* [What is needed]: Which of the lines below hold the word "blast"? Pull each of them out.

* [Data for analysis]:

- - - - - - -

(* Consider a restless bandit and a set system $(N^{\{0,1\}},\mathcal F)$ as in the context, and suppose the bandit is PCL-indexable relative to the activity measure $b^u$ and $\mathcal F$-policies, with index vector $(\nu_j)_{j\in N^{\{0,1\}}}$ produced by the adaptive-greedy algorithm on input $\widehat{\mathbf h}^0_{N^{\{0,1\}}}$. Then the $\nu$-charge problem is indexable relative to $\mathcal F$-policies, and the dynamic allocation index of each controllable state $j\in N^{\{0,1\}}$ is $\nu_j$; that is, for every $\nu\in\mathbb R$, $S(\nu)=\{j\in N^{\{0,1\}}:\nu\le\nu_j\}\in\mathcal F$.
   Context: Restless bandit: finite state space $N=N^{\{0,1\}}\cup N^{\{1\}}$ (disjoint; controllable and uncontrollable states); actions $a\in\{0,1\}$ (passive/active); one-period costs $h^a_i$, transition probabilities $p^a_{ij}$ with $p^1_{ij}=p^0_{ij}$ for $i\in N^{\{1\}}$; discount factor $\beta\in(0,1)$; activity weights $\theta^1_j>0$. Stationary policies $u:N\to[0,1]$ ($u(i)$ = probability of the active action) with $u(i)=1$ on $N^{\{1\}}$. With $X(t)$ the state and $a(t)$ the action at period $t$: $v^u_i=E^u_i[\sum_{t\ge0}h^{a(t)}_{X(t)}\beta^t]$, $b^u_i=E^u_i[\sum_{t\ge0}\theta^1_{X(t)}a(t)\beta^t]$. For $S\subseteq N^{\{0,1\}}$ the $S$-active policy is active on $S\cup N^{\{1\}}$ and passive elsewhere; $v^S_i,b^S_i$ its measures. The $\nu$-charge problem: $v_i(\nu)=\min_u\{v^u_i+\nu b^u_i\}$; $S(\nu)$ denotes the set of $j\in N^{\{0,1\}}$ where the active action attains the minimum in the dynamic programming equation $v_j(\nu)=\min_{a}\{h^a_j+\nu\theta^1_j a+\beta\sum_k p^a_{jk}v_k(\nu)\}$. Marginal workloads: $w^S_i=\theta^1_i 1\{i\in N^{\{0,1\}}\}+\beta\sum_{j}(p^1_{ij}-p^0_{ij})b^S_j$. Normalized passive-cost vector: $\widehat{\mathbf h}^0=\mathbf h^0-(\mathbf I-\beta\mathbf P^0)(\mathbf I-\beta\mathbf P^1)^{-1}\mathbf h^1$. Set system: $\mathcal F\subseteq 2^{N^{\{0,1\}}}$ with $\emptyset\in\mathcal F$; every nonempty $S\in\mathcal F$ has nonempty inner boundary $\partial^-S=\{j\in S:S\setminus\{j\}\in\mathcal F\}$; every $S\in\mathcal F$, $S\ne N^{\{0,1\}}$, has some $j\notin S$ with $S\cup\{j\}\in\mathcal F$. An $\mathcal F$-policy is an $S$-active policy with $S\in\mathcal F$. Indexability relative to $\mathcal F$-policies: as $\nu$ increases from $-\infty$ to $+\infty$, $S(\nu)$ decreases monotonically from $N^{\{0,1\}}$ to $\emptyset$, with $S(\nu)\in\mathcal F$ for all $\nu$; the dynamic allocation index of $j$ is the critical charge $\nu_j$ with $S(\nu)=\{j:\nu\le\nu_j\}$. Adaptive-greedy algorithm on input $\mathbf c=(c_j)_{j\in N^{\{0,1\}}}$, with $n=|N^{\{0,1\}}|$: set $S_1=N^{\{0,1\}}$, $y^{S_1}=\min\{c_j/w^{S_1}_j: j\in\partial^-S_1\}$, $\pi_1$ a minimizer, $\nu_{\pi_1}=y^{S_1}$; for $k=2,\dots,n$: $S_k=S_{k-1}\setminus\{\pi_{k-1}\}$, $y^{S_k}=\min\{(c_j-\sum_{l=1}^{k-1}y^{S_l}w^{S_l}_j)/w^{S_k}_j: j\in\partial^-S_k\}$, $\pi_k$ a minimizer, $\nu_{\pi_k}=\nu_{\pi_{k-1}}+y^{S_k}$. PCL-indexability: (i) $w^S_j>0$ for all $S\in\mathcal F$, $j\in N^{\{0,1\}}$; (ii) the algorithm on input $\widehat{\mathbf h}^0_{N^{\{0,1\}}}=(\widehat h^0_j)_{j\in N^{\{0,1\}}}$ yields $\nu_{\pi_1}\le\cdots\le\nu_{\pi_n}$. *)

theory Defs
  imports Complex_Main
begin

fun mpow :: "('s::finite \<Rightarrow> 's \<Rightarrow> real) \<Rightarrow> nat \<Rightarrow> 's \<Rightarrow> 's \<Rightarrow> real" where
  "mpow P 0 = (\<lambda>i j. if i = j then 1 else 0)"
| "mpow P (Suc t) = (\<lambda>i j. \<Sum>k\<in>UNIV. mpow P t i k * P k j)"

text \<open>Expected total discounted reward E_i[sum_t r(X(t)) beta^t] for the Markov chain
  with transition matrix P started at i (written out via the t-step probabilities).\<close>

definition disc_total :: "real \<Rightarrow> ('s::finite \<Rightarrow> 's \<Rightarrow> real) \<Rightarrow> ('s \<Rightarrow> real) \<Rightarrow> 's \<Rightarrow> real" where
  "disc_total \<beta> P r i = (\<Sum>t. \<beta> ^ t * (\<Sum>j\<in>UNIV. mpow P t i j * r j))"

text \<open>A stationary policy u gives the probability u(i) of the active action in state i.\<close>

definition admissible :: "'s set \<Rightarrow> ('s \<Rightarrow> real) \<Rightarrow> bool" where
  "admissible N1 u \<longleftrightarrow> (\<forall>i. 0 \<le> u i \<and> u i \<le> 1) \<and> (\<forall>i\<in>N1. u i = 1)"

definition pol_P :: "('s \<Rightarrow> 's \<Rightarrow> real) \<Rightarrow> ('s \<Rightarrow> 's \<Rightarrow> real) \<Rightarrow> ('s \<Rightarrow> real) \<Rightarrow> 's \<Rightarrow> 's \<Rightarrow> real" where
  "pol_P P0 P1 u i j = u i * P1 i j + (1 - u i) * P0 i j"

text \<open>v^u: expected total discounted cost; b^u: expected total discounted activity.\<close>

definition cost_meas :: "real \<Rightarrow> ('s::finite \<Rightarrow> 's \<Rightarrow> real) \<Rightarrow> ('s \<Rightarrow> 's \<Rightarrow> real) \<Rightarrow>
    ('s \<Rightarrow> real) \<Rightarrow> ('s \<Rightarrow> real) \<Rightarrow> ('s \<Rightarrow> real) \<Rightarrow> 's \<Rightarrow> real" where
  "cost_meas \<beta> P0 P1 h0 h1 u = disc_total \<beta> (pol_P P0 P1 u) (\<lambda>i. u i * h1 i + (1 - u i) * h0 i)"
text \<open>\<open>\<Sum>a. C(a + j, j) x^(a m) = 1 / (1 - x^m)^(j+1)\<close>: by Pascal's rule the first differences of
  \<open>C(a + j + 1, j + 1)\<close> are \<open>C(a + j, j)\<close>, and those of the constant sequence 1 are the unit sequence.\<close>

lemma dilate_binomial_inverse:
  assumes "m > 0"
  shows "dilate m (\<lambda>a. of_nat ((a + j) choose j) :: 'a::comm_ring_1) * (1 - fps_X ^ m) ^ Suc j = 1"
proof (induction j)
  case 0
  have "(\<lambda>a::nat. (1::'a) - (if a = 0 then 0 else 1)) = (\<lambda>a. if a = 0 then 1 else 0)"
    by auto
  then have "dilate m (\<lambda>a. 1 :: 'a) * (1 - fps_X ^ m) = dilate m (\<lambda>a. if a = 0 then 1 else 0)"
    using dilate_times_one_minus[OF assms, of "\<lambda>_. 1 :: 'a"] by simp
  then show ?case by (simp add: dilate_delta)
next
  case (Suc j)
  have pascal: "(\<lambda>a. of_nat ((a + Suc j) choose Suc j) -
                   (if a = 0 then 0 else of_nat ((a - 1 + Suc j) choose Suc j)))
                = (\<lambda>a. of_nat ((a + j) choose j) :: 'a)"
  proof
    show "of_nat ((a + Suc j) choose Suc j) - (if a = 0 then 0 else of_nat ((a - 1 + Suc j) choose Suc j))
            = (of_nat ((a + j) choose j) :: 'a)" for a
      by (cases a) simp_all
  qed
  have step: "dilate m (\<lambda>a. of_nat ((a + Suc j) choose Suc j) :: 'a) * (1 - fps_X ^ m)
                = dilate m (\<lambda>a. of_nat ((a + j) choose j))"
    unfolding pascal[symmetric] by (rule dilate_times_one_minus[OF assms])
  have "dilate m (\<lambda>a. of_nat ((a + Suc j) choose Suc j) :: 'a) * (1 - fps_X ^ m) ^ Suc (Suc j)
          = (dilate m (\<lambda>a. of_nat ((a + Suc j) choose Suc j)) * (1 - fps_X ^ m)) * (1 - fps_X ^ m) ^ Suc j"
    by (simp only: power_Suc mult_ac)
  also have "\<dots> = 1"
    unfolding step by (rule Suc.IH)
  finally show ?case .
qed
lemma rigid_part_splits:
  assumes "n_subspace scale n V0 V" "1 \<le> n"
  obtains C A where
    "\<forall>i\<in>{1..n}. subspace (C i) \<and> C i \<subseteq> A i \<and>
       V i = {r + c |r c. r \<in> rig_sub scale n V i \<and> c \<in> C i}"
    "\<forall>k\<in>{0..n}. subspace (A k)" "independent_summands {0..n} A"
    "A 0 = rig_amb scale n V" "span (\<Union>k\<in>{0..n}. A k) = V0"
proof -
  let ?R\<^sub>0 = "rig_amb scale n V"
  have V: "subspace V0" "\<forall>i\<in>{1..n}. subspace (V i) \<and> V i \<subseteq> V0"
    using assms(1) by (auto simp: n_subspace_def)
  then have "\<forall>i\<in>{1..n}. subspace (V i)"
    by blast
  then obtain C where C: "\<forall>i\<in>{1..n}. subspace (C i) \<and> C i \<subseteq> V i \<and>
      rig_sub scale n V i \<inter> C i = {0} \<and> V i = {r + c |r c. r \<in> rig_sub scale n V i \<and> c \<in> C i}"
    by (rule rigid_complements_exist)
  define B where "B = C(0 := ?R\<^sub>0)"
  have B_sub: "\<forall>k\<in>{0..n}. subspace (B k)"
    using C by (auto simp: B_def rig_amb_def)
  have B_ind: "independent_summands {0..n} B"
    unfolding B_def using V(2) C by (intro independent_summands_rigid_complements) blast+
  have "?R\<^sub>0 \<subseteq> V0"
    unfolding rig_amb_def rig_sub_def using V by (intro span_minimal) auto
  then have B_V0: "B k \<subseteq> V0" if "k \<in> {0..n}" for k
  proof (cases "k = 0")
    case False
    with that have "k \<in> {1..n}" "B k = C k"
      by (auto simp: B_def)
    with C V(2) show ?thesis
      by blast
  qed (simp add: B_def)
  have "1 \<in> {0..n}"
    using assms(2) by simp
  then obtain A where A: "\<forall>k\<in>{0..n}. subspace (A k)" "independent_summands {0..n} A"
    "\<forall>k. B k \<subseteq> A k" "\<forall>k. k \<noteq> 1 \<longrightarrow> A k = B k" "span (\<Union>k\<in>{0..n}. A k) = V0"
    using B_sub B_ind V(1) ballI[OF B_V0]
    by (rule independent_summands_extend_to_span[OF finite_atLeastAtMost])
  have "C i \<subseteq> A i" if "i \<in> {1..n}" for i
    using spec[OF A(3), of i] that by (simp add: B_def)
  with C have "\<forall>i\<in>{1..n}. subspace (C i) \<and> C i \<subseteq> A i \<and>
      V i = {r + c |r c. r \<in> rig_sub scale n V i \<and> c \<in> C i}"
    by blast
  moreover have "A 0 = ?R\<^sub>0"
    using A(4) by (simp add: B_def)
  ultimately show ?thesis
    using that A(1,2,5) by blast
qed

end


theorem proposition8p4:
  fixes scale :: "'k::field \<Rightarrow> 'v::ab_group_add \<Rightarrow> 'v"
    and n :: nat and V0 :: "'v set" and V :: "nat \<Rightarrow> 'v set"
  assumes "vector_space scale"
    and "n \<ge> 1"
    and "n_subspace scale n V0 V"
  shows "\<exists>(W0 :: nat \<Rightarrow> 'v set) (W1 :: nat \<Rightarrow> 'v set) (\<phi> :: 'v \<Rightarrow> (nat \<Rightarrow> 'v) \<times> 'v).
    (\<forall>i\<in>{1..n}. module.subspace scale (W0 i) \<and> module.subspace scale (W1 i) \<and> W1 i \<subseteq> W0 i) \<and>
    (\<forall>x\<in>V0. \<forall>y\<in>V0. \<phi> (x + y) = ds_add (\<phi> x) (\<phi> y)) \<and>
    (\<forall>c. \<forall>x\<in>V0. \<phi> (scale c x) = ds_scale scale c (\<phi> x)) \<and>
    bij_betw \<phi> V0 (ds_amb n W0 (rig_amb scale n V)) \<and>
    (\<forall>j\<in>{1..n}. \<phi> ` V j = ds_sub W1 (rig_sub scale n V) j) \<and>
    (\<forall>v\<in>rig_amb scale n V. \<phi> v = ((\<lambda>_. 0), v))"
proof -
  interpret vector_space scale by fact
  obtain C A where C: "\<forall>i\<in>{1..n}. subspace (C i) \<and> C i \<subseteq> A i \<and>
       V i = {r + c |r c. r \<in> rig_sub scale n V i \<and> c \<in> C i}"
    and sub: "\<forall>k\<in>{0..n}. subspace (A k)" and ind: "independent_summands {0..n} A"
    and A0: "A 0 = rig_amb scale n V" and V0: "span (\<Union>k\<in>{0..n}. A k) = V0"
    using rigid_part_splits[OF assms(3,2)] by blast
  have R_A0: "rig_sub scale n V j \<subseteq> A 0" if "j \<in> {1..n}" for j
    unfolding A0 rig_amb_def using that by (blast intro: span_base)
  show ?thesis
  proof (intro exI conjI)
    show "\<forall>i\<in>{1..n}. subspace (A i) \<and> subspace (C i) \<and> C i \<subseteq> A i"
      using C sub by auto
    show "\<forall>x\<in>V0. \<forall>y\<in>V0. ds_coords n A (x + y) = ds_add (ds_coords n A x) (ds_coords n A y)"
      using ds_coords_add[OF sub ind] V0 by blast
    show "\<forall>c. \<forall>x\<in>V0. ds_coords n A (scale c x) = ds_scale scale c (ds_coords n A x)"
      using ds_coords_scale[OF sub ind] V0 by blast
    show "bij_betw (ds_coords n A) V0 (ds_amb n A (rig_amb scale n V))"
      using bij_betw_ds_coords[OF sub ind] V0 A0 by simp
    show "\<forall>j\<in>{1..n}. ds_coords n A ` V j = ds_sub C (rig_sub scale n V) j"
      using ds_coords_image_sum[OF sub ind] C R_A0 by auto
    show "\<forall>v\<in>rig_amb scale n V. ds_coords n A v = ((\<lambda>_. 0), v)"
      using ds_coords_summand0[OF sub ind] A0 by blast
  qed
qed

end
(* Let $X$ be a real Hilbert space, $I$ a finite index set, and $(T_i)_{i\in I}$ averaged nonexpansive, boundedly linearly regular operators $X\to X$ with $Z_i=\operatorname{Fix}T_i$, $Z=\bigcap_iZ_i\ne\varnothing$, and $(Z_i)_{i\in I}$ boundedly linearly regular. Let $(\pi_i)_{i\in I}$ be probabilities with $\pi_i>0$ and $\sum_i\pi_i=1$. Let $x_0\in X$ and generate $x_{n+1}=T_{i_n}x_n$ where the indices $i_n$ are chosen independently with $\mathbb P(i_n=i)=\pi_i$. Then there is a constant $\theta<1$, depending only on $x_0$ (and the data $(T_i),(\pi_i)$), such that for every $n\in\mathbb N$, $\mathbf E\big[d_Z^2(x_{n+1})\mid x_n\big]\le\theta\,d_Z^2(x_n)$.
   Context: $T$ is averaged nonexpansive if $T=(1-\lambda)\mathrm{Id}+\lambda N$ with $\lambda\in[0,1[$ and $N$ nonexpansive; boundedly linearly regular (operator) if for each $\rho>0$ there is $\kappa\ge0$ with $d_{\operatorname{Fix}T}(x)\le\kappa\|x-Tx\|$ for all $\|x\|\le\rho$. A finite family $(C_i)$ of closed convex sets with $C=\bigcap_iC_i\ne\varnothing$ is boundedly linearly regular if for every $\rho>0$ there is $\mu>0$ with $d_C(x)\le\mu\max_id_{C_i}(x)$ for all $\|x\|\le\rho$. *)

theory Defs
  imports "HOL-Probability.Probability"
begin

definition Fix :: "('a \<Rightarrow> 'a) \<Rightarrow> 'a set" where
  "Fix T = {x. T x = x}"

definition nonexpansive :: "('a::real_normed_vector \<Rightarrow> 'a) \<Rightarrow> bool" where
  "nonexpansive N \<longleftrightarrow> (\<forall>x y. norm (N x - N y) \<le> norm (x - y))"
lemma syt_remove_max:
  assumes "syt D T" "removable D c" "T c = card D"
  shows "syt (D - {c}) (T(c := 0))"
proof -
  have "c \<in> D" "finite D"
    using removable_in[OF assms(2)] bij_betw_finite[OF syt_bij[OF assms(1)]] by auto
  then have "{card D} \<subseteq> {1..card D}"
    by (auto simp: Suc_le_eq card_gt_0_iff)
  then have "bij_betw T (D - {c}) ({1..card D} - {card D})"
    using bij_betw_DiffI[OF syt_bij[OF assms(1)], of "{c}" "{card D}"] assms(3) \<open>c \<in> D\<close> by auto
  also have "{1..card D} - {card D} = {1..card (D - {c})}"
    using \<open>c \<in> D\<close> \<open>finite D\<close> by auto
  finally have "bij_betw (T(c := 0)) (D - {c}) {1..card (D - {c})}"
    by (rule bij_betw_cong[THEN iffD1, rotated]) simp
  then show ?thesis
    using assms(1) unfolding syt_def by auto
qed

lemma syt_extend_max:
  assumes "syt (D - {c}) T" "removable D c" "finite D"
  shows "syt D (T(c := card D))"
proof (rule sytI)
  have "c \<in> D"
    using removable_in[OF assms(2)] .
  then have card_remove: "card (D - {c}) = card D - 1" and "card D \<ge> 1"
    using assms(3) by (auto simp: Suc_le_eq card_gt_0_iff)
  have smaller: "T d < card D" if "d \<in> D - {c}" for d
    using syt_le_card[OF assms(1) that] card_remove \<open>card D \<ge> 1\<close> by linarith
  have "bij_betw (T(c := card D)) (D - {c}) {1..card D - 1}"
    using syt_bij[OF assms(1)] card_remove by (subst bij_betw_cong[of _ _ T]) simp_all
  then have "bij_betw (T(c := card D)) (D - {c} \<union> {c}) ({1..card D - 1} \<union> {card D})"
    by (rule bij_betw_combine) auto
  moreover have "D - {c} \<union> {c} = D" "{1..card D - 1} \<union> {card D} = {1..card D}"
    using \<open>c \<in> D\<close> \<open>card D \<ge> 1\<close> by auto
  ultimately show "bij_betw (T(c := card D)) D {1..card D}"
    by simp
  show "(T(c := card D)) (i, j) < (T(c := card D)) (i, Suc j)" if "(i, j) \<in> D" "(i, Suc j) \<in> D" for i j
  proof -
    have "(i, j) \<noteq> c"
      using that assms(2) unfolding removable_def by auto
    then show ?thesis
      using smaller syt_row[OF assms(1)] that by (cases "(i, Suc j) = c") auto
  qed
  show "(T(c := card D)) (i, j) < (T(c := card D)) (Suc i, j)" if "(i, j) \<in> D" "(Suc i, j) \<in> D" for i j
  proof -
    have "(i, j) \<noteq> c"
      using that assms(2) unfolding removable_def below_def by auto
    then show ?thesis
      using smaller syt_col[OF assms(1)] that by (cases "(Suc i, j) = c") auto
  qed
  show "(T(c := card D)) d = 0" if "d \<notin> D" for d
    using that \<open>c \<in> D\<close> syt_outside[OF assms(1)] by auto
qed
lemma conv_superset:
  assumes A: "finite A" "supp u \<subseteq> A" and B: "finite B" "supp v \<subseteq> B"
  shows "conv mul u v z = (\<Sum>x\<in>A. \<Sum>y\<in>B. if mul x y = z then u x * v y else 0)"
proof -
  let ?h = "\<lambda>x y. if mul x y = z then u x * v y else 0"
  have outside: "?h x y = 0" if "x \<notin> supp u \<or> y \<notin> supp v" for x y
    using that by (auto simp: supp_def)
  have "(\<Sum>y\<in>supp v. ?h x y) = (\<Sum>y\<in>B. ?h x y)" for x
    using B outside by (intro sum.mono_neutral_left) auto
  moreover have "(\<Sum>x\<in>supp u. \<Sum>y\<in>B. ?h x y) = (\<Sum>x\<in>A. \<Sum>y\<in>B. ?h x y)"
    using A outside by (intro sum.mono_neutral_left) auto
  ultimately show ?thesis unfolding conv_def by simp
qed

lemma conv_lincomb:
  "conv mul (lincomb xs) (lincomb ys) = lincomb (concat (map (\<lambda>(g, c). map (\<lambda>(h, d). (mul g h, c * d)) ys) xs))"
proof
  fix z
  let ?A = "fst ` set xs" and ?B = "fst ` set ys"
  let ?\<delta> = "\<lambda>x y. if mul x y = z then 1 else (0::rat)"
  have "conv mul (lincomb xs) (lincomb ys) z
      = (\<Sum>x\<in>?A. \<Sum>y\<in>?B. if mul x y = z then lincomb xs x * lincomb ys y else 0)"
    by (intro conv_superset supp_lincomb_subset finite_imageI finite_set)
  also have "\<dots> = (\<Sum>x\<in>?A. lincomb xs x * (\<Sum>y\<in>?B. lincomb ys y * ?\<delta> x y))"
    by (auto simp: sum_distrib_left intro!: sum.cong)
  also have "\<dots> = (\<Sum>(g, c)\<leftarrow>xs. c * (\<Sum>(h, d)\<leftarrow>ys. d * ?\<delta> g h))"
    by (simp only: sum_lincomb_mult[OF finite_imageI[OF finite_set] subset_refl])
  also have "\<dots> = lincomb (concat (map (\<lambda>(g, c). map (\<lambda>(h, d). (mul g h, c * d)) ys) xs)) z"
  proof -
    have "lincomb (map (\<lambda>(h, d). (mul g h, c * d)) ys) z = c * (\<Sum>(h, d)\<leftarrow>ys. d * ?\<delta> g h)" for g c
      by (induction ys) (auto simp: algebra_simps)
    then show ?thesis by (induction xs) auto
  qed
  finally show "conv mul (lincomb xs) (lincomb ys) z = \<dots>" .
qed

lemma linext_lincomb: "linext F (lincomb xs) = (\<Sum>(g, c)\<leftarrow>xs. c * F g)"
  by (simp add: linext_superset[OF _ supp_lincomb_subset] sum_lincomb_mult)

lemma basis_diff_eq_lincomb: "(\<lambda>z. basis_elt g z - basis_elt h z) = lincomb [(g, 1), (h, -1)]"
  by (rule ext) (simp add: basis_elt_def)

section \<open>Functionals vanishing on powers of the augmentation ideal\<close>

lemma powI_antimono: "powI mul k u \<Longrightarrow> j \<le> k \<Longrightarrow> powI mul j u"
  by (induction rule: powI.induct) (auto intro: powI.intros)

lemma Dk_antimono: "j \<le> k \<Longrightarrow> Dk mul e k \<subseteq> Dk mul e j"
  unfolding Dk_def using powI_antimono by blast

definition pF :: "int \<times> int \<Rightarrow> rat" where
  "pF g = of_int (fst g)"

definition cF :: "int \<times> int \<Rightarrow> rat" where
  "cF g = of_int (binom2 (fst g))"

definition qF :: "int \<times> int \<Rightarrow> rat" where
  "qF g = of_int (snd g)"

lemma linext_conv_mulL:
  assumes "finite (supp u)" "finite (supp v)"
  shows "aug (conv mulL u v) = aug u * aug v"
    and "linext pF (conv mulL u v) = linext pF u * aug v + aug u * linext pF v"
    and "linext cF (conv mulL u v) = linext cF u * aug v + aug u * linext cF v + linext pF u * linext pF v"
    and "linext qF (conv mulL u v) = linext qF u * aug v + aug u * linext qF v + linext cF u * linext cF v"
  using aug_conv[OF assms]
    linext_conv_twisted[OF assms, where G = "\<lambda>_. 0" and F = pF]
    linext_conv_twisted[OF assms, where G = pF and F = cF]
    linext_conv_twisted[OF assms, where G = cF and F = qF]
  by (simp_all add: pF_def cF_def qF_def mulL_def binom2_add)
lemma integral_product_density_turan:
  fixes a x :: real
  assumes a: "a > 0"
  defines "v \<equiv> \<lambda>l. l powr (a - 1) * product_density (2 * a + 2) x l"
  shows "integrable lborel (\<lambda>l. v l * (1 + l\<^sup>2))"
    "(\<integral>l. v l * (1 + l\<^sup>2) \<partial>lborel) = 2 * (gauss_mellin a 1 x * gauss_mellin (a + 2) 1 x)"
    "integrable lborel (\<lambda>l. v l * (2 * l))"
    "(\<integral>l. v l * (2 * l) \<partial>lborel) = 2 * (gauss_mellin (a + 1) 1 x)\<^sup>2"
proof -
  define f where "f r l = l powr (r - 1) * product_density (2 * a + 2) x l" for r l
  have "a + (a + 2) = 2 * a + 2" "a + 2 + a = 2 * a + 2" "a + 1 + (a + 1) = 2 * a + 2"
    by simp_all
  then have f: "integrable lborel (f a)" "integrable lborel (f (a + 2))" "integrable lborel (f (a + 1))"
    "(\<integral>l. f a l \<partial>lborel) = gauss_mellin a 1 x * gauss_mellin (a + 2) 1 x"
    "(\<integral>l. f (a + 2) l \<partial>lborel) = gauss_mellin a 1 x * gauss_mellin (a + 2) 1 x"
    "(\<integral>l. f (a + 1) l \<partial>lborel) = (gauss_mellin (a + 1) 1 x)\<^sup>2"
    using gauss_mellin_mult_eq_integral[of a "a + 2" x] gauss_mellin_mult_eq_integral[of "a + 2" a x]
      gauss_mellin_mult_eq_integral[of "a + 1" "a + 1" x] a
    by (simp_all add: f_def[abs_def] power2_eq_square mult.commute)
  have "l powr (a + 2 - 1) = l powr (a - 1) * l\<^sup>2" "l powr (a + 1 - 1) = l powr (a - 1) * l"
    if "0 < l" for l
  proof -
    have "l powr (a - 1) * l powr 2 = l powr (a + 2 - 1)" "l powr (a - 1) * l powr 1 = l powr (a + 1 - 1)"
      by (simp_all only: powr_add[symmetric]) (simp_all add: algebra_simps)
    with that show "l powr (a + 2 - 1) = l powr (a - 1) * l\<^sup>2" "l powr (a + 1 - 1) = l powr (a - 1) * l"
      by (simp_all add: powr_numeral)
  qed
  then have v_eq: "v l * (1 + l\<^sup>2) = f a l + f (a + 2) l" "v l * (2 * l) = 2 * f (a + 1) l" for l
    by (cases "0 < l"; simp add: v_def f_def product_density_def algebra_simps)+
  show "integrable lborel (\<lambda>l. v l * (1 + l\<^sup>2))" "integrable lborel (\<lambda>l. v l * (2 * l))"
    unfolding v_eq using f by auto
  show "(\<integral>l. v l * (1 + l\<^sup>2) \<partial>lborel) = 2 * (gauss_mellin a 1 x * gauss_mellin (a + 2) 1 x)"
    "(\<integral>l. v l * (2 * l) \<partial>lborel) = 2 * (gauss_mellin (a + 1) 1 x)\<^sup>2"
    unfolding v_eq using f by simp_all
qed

- - - - - - -

* [Response to the exercise]:
    by blast
    unfolding B_def using V(2) C by (intro independent_summands_rigid_complements) blast+
      by blast
    by blast
    using that A(1,2,5) by blast
    using rigid_part_splits[OF assms(3,2)] by blast
    unfolding A0 rig_amb_def using that by (blast intro: span_base)
      using ds_coords_add[OF sub ind] V0 by blast
      using ds_coords_scale[OF sub ind] V0 by blast
      using ds_coords_summand0[OF sub ind] A0 by blast
  unfolding Dk_def using powI_antimono by blast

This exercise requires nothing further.